lemma nonempty_nash_eq_graph_if_card_link_averse_players_le_1:
  assumes w_nonneg: "\<forall>v \<in> players n. 0 \<le> w v" and "0 \<le> \<alpha>" "2 \<le> \<beta>" "2 \<le> n"
    and "card {u \<in> players n. sum w (players n) - w u < \<alpha>} \<le> 1"
  shows "\<exists>E. E \<noteq> {} \<and> nash_eq_graph n w \<alpha> \<beta> E"
proof -
  have "players n \<noteq> {}" using players_other[OF \<open>2 \<le> n\<close>] by blast
  then have "\<exists>c \<in> players n. \<forall>u \<in> players n - {c}. \<not> sum w (players n) - w u < \<alpha>"
    using assms(5) by (intro card_Collect_le_1_imp_ex[OF finite_players])
  then obtain c where c: "c \<in> players n" "\<forall>u \<in> players n - {c}. \<alpha> \<le> sum w (players n) - w u"
    by (auto simp: not_less)
  obtain x where "x \<in> players n" "x \<noteq> c" using players_other[OF \<open>2 \<le> n\<close>] by blast
  then have "{x, c} \<in> outcome_graph n (star_profile n c)" by (rule star_profile_edge[OF c(1)])
  moreover have "nash_eq n w \<alpha> \<beta> (star_profile n c)"
    using nash_eq_star_profile[OF w_nonneg \<open>0 \<le> \<alpha>\<close> \<open>2 \<le> \<beta>\<close> c] .
  ultimately show ?thesis unfolding nash_eq_graph_def by blast
qed
(* Let $\varepsilon>0$, $\varepsilon_\Lambda>0$, $\varphi(s)=\exp((s-0.5)/\varepsilon)$ and $w_k(x)=\varphi(s(\sigma(x)))/\sum_{y\in N_k}\varphi(s(\sigma(y)))$ for $x\in N_k$. For each $k$ let $P_k=\{p: N_k\cap S_p\neq\emptyset\}$, $\lambda_k=\max_{p\in P_k}s(p)$, $\Lambda(\lambda)=\exp((\lambda-0.5)/\varepsilon_\Lambda)$, $\rho_k=\Lambda(\lambda_k)|N_k|/\sum_j\Lambda(\lambda_j)|N_j|$, $M_{\mathrm{total}}=\sum_kM_k$, $\tilde{M}_k=M_{\mathrm{total}}\rho_k$, and define the Soft IWMR attribution $\tilde{A}^{\mathrm{IWMR}}(x)=\tilde{M}_{\nu(x)}\,w_{\nu(x)}(x)$. Then: (D1-G) $\sum_{x\in N_k}\tilde{A}^{\mathrm{IWMR}}(x)=\tilde{M}_k$ for all $k$; (D2) for all $k$ with $\tilde{M}_k\ge0$ and $x,y\in N_k$, $s(\sigma(x))\ge s(\sigma(y))$ implies $\tilde{A}^{\mathrm{IWMR}}(x)\ge\tilde{A}^{\mathrm{IWMR}}(y)$; (D3) the potential satisfies $\varphi(s+\Delta)/\varphi(s)=\exp(\Delta/\varepsilon)$ independent of $s$; (D4$'$) $\tilde{A}^{\mathrm{IWMR}}(x)$ is determined by $\tilde{M}_{\nu(x)}$ and the segment scores within $N_{\nu(x)}$. Moreover, Soft IWMR violates neighbourhood completeness $\sum_{x\in N_k}\tilde{A}^{\mathrm{IWMR}}(x)=M_k$ whenever $\tilde{M}_k\neq M_k$, which occurs precisely when the neighbourhood importances $\lambda_k$ are non-uniform.
   Context: $\Omega=\{0,\dots,H-1\}\times\{0,\dots,W-1\}$ is the pixel lattice. $\mathcal{N}=\{N_0,\dots,N_{K-1}\}$ is a partition of $\Omega$ into disjoint neighbourhoods with index function $\nu$ ($\nu(x)=k$ iff $x\in N_k$); $\mathcal{S}=\{S_0,\dots,S_{P-1}\}$ is a partition of $\Omega$ into segments with index function $\sigma$. $A\colon\Omega\to\mathbb{R}$ is a coarse attribution with neighbourhood masses $M_k=\sum_{x\in N_k}A(x)$; $s\colon\{0,\dots,P-1\}\to[0,1]$ are segment scores.
   Formalization: The precisely-when clause is replaced by: $\rho_k\neq|N_k|/|\Omega|$ for some k if and only if the $\lambda_k$ are not all equal, in place of $\tilde{M}_k\neq M_k$ occurring precisely when the $\lambda_k$ are non-uniform. The statement above fails without it. *)

theory Defs
  imports Complex_Main
begin

type_synonym pixel = "nat \<times> nat"

definition lattice :: "nat \<Rightarrow> nat \<Rightarrow> pixel set" where
  "lattice H W = {0..<H} \<times> {0..<W}"

definition block :: "pixel set \<Rightarrow> (pixel \<Rightarrow> nat) \<Rightarrow> nat \<Rightarrow> pixel set" where
  "block \<Omega> \<nu> k = {x \<in> \<Omega>. \<nu> x = k}"

definition is_partition :: "pixel set \<Rightarrow> nat \<Rightarrow> (pixel \<Rightarrow> nat) \<Rightarrow> bool" where
  "is_partition \<Omega> n f \<longleftrightarrow> (\<forall>x\<in>\<Omega>. f x < n) \<and> (\<forall>k<n. block \<Omega> f k \<noteq> {})"

definition pot :: "real \<Rightarrow> real \<Rightarrow> real" where
  "pot \<epsilon> t = exp ((t - 0.5) / \<epsilon>)"
lemma mul_eq_add_star: "a \<in> B \<Longrightarrow> b \<in> B \<Longrightarrow> mul a b = add (b_star B add mul z a b) (add a b)"
  by (simp add: star_eq mul_eq_add_lam add_ac)

lemma conj_eq_lam_star:
  assumes c: "c \<in> B" and j: "j \<in> B"
  shows "mul (mul c j) (minv c) = lam c (add j (b_star B add mul z j (minv c)))"
proof -
  have "mul j (minv c) = add (minv c) (add j (b_star B add mul z j (minv c)))"
    using c j by (simp add: mul_eq_add_star add_ac)
  then have "mul (mul c j) (minv c) = mul c (add (minv c) (add j (b_star B add mul z j (minv c))))"
    using c j by (simp add: mul_assoc)
  also have "\<dots> = add (mul c (minv c)) (lam c (add j (b_star B add mul z j (minv c))))"
    using c j by (simp add: mul_eq_add_lam lam_add add_assoc)
  finally show ?thesis
    using c j by simp
qed

lemma ideal_intro:
  assumes sub: "subgroup J AG"
    and lam_mem: "\<And>c j. c \<in> B \<Longrightarrow> j \<in> J \<Longrightarrow> lam c j \<in> J"
    and star_mem: "\<And>j c. j \<in> J \<Longrightarrow> c \<in> B \<Longrightarrow> add (lam j c) (neg c) \<in> J"
  shows "b_ideal B add mul z J"
proof -
  have JB: "J \<subseteq> B"
    using sub subgroup.subset by fastforce
  have add_mem: "add a b \<in> J" if "a \<in> J" "b \<in> J" for a b
    using sub subgroup.m_closed that by fastforce
  have neg_mem: "neg a \<in> J" if "a \<in> J" for a
    using sub subgroup.m_inv_closed that unfolding b_neg_def by fastforce
  have mul_mem: "mul a b \<in> J" if "a \<in> J" "b \<in> J" for a b
  proof -
    have "a \<in> B" "b \<in> B"
      using that JB by auto
    then show ?thesis
      using that by (simp add: mul_eq_add_lam add_mem lam_mem)
  qed
  have minv_mem: "minv a \<in> J" if "a \<in> J" for a
    using that JB minv_eq_lam_neg[of a] lam_mem neg_mem by (metis minv_closed subsetD)
  have "z \<in> J"
    using sub subgroup.one_closed by fastforce
  then have "subgroup J MG"
    using JB mul_mem minv_mem by (intro M.subgroupI) auto
  moreover have "mul (mul c j) (minv c) \<in> J" if "c \<in> B" "j \<in> J" for c j
  proof -
    have "add j (b_star B add mul z j (minv c)) \<in> J"
      using that star_mem add_mem by (simp add: star_eq)
    then show ?thesis
      using that JB lam_mem by (simp add: conj_eq_lam_star subsetD)
  qed
  ultimately have "J \<lhd> MG"
    by (simp add: M.normal_inv_iff)
  then show ?thesis
    unfolding b_ideal_def using lam_mem by blast
qed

---*---

> **Work order**: Reproduce exactly the lines of the records above from the one with "players n. sum" to the one with "using assms(5) by", both included, and leave out everything else.

> **Answer to the exercise**:
    and "card {u \<in> players n. sum w (players n) - w u < \<alpha>} \<le> 1"
  shows "\<exists>E. E \<noteq> {} \<and> nash_eq_graph n w \<alpha> \<beta> E"
proof -
  have "players n \<noteq> {}" using players_other[OF \<open>2 \<le> n\<close>] by blast
  then have "\<exists>c \<in> players n. \<forall>u \<in> players n - {c}. \<not> sum w (players n) - w u < \<alpha>"
    using assms(5) by (intro card_Collect_le_1_imp_ex[OF finite_players])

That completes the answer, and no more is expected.